Data Debt can take various forms and here are just some basic examples:

Costs of poor Data Life-Cycle Management. Excessive storage costs (and software licenses in some cases) due to data not timely moved to archive or deleted. This applies not only to production environments, but also and especially to development, testing and user sandboxes.
Costs of waiting for data to be delivered and accessible. This is anything mentioned in the previous section from poor data engineering practices to administration and tasks, which delay data delivery to the hands of business users.
Costs of Data Quality issues. These consume an enormous amount of cost and resources and usually serve as the primary manifestation and metric of a functional Data Governance program. Therefore, it is important businesses measure current costs and risks associated with data quality.
Costs of data redundancy. This is a duplication of data elements across the entire data landscape, which can be extremely time consuming to fix.
Costs of data export. What does it cost to extract data from a system to provide a file to users. Most organizations do this, and most have no idea how risky or expensive it really is.
Costs of misalignment. It can be as simple as the excessive costs of doing three projects to deliver the same data to three departments.
Costs of data at risk (personal and other regulated data). Amount of data that can create risk from misuse, poor quality, or compliance issues, which in turn can lead to fines.

With these examples in mind let’s have a closer look at the Data Monetization areas, which all can be a factor in calculating Data Debt and developing measures of paying it off.

Cost of missed opportunities

There is always a work being done to highlight what will happen or continue to happen. However, it is usually overlooked what can not happen without proper data related processes and policies. It is absolutely necessary to recap existing issues with data, reporting, poor content management, scary compliance issues, or the high cost of ownership in terms of not only factual losses, but also missed future opportunities.

A good source of metrics to see if Data Governance is working is to categorize business initiatives by the usage of data including advanced analytics and AI. Any Data Governance activity in support of data monetization categories can be measured as to the amount of benefits received or in Data Debt perspective — the amount of benefits lost.
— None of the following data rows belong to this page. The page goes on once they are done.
(* Let $G$ be a finite cyclic group. Then $g(OD(G))=3$ if and only if $|G|$ is a composite number.
   Context: For a finite group $G$, $o(x)$ denotes the order of $x\in G$. The order-divisor graph $OD(G)$ is the simple undirected graph with vertex set $G$, in which two distinct vertices $x,y$ are adjacent if and only if $o(x)\neq o(y)$ and either $o(x)\mid o(y)$ or $o(y)\mid o(x)$. The girth $g(\Gamma)$ of a graph $\Gamma$ is the length of a shortest cycle in $\Gamma$ (taken to be $0$ if $\Gamma$ has no cycle). *)

theory Defs
  imports "HOL-Algebra.Algebra" "HOL-Computational_Algebra.Primes"
begin

definition has_cycle_of_length :: "'a set \<Rightarrow> ('a \<Rightarrow> 'a \<Rightarrow> bool) \<Rightarrow> nat \<Rightarrow> bool" where
  "has_cycle_of_length V E k \<longleftrightarrow>
     k \<ge> 3 \<and> (\<exists>v :: nat \<Rightarrow> 'a. inj_on v {..<k} \<and> v ` {..<k} \<subseteq> V \<and>
        (\<forall>i<k. E (v i) (v ((i + 1) mod k))))"

definition girth :: "'a set \<Rightarrow> ('a \<Rightarrow> 'a \<Rightarrow> bool) \<Rightarrow> nat" where
  "girth V E = (if \<exists>k. has_cycle_of_length V E k then (LEAST k. has_cycle_of_length V E k) else 0)"

definition od_adj :: "('a, 'b) monoid_scheme \<Rightarrow> 'a \<Rightarrow> 'a \<Rightarrow> bool" where
  "od_adj G x y \<longleftrightarrow> x \<noteq> y \<and> group.ord G x \<noteq> group.ord G y \<and>
     (group.ord G x dvd group.ord G y \<or> group.ord G y dvd group.ord G x)"

definition composite :: "nat \<Rightarrow> bool" where
  "composite n \<longleftrightarrow> n > 1 \<and> \<not> Factorial_Ring.prime n"

end

theory Submission
  imports Defs
begin

text \<open>A triangle in OD(G) consists of three elements with pairwise distinct orders, all of which
  divide order G; a group of prime or trivial order admits only the orders 1 and order G, so such
  a triangle forces order G to be composite. Conversely, if d is a proper divisor of a composite
  order G, then in a cyclic group the identity, an element of order d and a generator have orders
  1, d, order G, which divide one another and so form a triangle.\<close>

lemma girth_eq_3_iff: "girth V E = 3 \<longleftrightarrow> has_cycle_of_length V E 3"
proof
  assume girth: "girth V E = 3"
  then have ex: "\<exists>k. has_cycle_of_length V E k"
    unfolding girth_def by (auto split: if_splits)
  then have "has_cycle_of_length V E (LEAST k. has_cycle_of_length V E k)"
    by (rule LeastI_ex)
  with girth ex show "has_cycle_of_length V E 3"
    unfolding girth_def by simp
next
  assume cycle: "has_cycle_of_length V E 3"
  have "(LEAST k. has_cycle_of_length V E k) = 3"
    by (rule Least_equality) (use cycle in \<open>auto simp: has_cycle_of_length_def\<close>)
  with cycle show "girth V E = 3"
    unfolding girth_def by auto
qed

lemma has_cycle_of_length_3_iff:
  "has_cycle_of_length V E 3 \<longleftrightarrow>
     (\<exists>a\<in>V. \<exists>b\<in>V. \<exists>c\<in>V. a \<noteq> b \<and> b \<noteq> c \<and> a \<noteq> c \<and> E a b \<and> E b c \<and> E c a)"
proof
  assume "has_cycle_of_length V E 3"
  then obtain v :: "nat \<Rightarrow> 'a" where v: "inj_on v {..<3}" "v ` {..<3} \<subseteq> V"
      "\<forall>i<3. E (v i) (v ((i + 1) mod 3))"
    unfolding has_cycle_of_length_def by blast
  have "v 0 \<noteq> v 1" "v 1 \<noteq> v 2" "v 0 \<noteq> v 2"
    using inj_onD[OF v(1), of 0 1] inj_onD[OF v(1), of 1 2] inj_onD[OF v(1), of 0 2] by auto
  moreover have "E (v 0) (v 1)" "E (v 1) (v 2)" "E (v 2) (v 0)"
    using v(3)[rule_format, of 0] v(3)[rule_format, of 1] v(3)[rule_format, of 2]
    by (simp_all add: numeral_2_eq_2)
  moreover have "v 0 \<in> V" "v 1 \<in> V" "v 2 \<in> V"
    using v(2) by auto
  ultimately show "\<exists>a\<in>V. \<exists>b\<in>V. \<exists>c\<in>V. a \<noteq> b \<and> b \<noteq> c \<and> a \<noteq> c \<and> E a b \<and> E b c \<and> E c a"
    by blast
next
  assume "\<exists>a\<in>V. \<exists>b\<in>V. \<exists>c\<in>V. a \<noteq> b \<and> b \<noteq> c \<and> a \<noteq> c \<and> E a b \<and> E b c \<and> E c a"
  then obtain a b c where abc: "a \<in> V" "b \<in> V" "c \<in> V" "a \<noteq> b" "b \<noteq> c" "a \<noteq> c"
      "E a b" "E b c" "E c a"
    by blast
  define v where "v i = (if i = 0 then a else if i = 1 then b else c)" for i :: nat
  have lt3: "{..<3::nat} = {0, 1, 2}"
    by auto
  have "inj_on v {..<3}" "v ` {..<3} \<subseteq> V"
    using abc by (auto simp: lt3 v_def inj_on_def)
  moreover have "E (v i) (v ((i + 1) mod 3))" if "i < 3" for i
  proof -
    from that have "i = 0 \<or> i = 1 \<or> i = 2"
      by auto
    with abc show ?thesis
      by (auto simp: v_def)
  qed
  ultimately show "has_cycle_of_length V E 3"
    unfolding has_cycle_of_length_def by auto
qed

lemma composite_iff_proper_divisor:
  "composite n \<longleftrightarrow> (\<exists>d. d dvd n \<and> 1 < d \<and> d < n)"
proof
  assume "composite n"
  then obtain d where d: "d dvd n" "d \<noteq> 1" "d \<noteq> n" "1 < n"
    unfolding composite_def prime_nat_iff by auto
  then have "d \<noteq> 0" "d \<le> n"
    by (auto intro: dvd_imp_le)
  with d show "\<exists>d. d dvd n \<and> 1 < d \<and> d < n"
    by (intro exI[of _ d]) auto
next
  assume "\<exists>d. d dvd n \<and> 1 < d \<and> d < n"
  then show "composite n"
    unfolding composite_def prime_nat_iff by auto
qed

lemma three_distinct_divisors_imp_composite:
  fixes a b c n :: nat
  assumes "n > 0" and "a dvd n" "b dvd n" "c dvd n" and "a \<noteq> b" "b \<noteq> c" "a \<noteq> c"
  shows "composite n"
proof -
  obtain d where d: "d \<in> {a, b, c}" "d \<noteq> 1" "d \<noteq> n"
    using assms(5-7) by blast
  moreover have "d dvd n"
    using d(1) assms(2-4) by blast
  moreover from this have "0 < d" "d \<le> n"
    using \<open>n > 0\<close> by (auto intro: dvd_imp_le)
  ultimately show ?thesis
    unfolding composite_iff_proper_divisor by (intro exI[of _ d]) auto
qed

lemma (in group) ord_pow_ord_div:
  assumes "x \<in> carrier G" and "d dvd ord x" and "ord x > 0"
  shows "ord (x [^] (ord x div d)) = d"
proof -
  obtain k where k: "ord x = d * k"
    using assms(2) by blast
  with assms(3) have "k \<noteq> 0" "d \<noteq> 0"
    by auto
  with k show ?thesis
    using ord_pow[OF assms(1), of k] by simp
qed

lemma (in group) cyclic_group_has_element_of_order:
  assumes "finite (carrier G)" and "cyclic_group G" and "d dvd order G"
  obtains x where "x \<in> carrier G" "ord x = d"
proof -
  obtain g where g: "g \<in> carrier G" "subgroup_generated G {g} = G"
    using assms(2) unfolding cyclic_group_def by blast
  then have ord_g: "ord g = order G"
    using cyclic_order_is_ord by simp
  with assms(1) have "ord g > 0"
    by (simp add: order_gt_0_iff_finite)
  then have "ord (g [^] (ord g div d)) = d"
    using ord_pow_ord_div[OF g(1)] assms(3) ord_g by simp
  with g(1) show ?thesis
    using that by blast
qed

lemma (in group) od_cycle_3_imp_composite_order:
  assumes "finite (carrier G)" and "has_cycle_of_length (carrier G) (od_adj G) 3"
  shows "composite (order G)"
proof -
  obtain x y z where "x \<in> carrier G" "y \<in> carrier G" "z \<in> carrier G"
      and "od_adj G x y" "od_adj G y z" "od_adj G z x"
    using assms(2) unfolding has_cycle_of_length_3_iff by blast
  then show ?thesis
    using three_distinct_divisors_imp_composite[of "order G" "ord x" "ord y" "ord z"] assms(1)
    by (auto simp: od_adj_def order_gt_0_iff_finite ord_dvd_group_order)
qed

lemma (in group) od_cycle_3_of_composite_order:
  assumes "finite (carrier G)" and "cyclic_group G" and "composite (order G)"
  shows "has_cycle_of_length (carrier G) (od_adj G) 3"
proof -
  obtain d where d: "d dvd order G" "1 < d" "d < order G"
    using assms(3) unfolding composite_iff_proper_divisor by blast
  obtain y where y: "y \<in> carrier G" "ord y = d"
    using cyclic_group_has_element_of_order[OF assms(1,2) d(1)] .
  obtain z where z: "z \<in> carrier G" "ord z = order G"
    using cyclic_group_has_element_of_order[OF assms(1,2) dvd_refl] .
  have orders: "ord \<one> = 1" "ord y = d" "ord z = order G"
    using y z by simp_all
  then have "\<one> \<noteq> y" "y \<noteq> z" "\<one> \<noteq> z"
    using d by (metis less_irrefl less_trans)+
  moreover have "od_adj G \<one> y" "od_adj G y z" "od_adj G z \<one>"
    using calculation orders d by (auto simp: od_adj_def)
  ultimately show ?thesis
    unfolding has_cycle_of_length_3_iff using y(1) z(1) one_closed by blast
qed

theorem mainTheorem5:
  fixes G :: "('a, 'b) monoid_scheme"
  assumes "group G" and "finite (carrier G)" and "cyclic_group G"
  shows "girth (carrier G) (od_adj G) = 3 \<longleftrightarrow> composite (order G)"
proof -
  interpret group G by fact
  show ?thesis
    unfolding girth_eq_3_iff
    using od_cycle_3_imp_composite_order[OF assms(2)]
      od_cycle_3_of_composite_order[OF assms(2,3)]
    by blast
qed

end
Consider this categories a start for estimating the Data Debt impact on the organization’s ability of using data to improve business outcomes:

Processes: improve cycle time, lower cost or improve quality
Competitive advantage: gain competitive intelligence and create differentiators
Product Development: identify a new product or feature
Intellectual Capital: embed knowledge into products and services
Human Resources: enable employees to do better work
Risk Management: reduce various types of risk (financial, data related or legal compliance)

Looking closely at the list above will help to start getting metrics that can be used to assess the amount of accumulated Data Debt, reveal to leadership the huge costs in delaying doing the “right things” with data and show the potential value of a Data Governance program.

Conclusion

If a business makes decisions without considering the impact on or use of data there are costs, which occur in the future when dealing with lack of consistency, errors and redundancy. Like for any other future obligations there is interest to be paid, which gets more expensive to fix later than now.

With the rise of the data-driven organizations Data Governance was reborn to show it’s undoubtful value. Measuring its value and the value of data in general the concept of Data Debt can be considered as a new field of infonomics.

Like any other debt, Data Debt needs to be paid or written off. Data Governance implementation becomes a Data Debt repayment process and companies may use Data Debt as a guidepost to drive its adoption.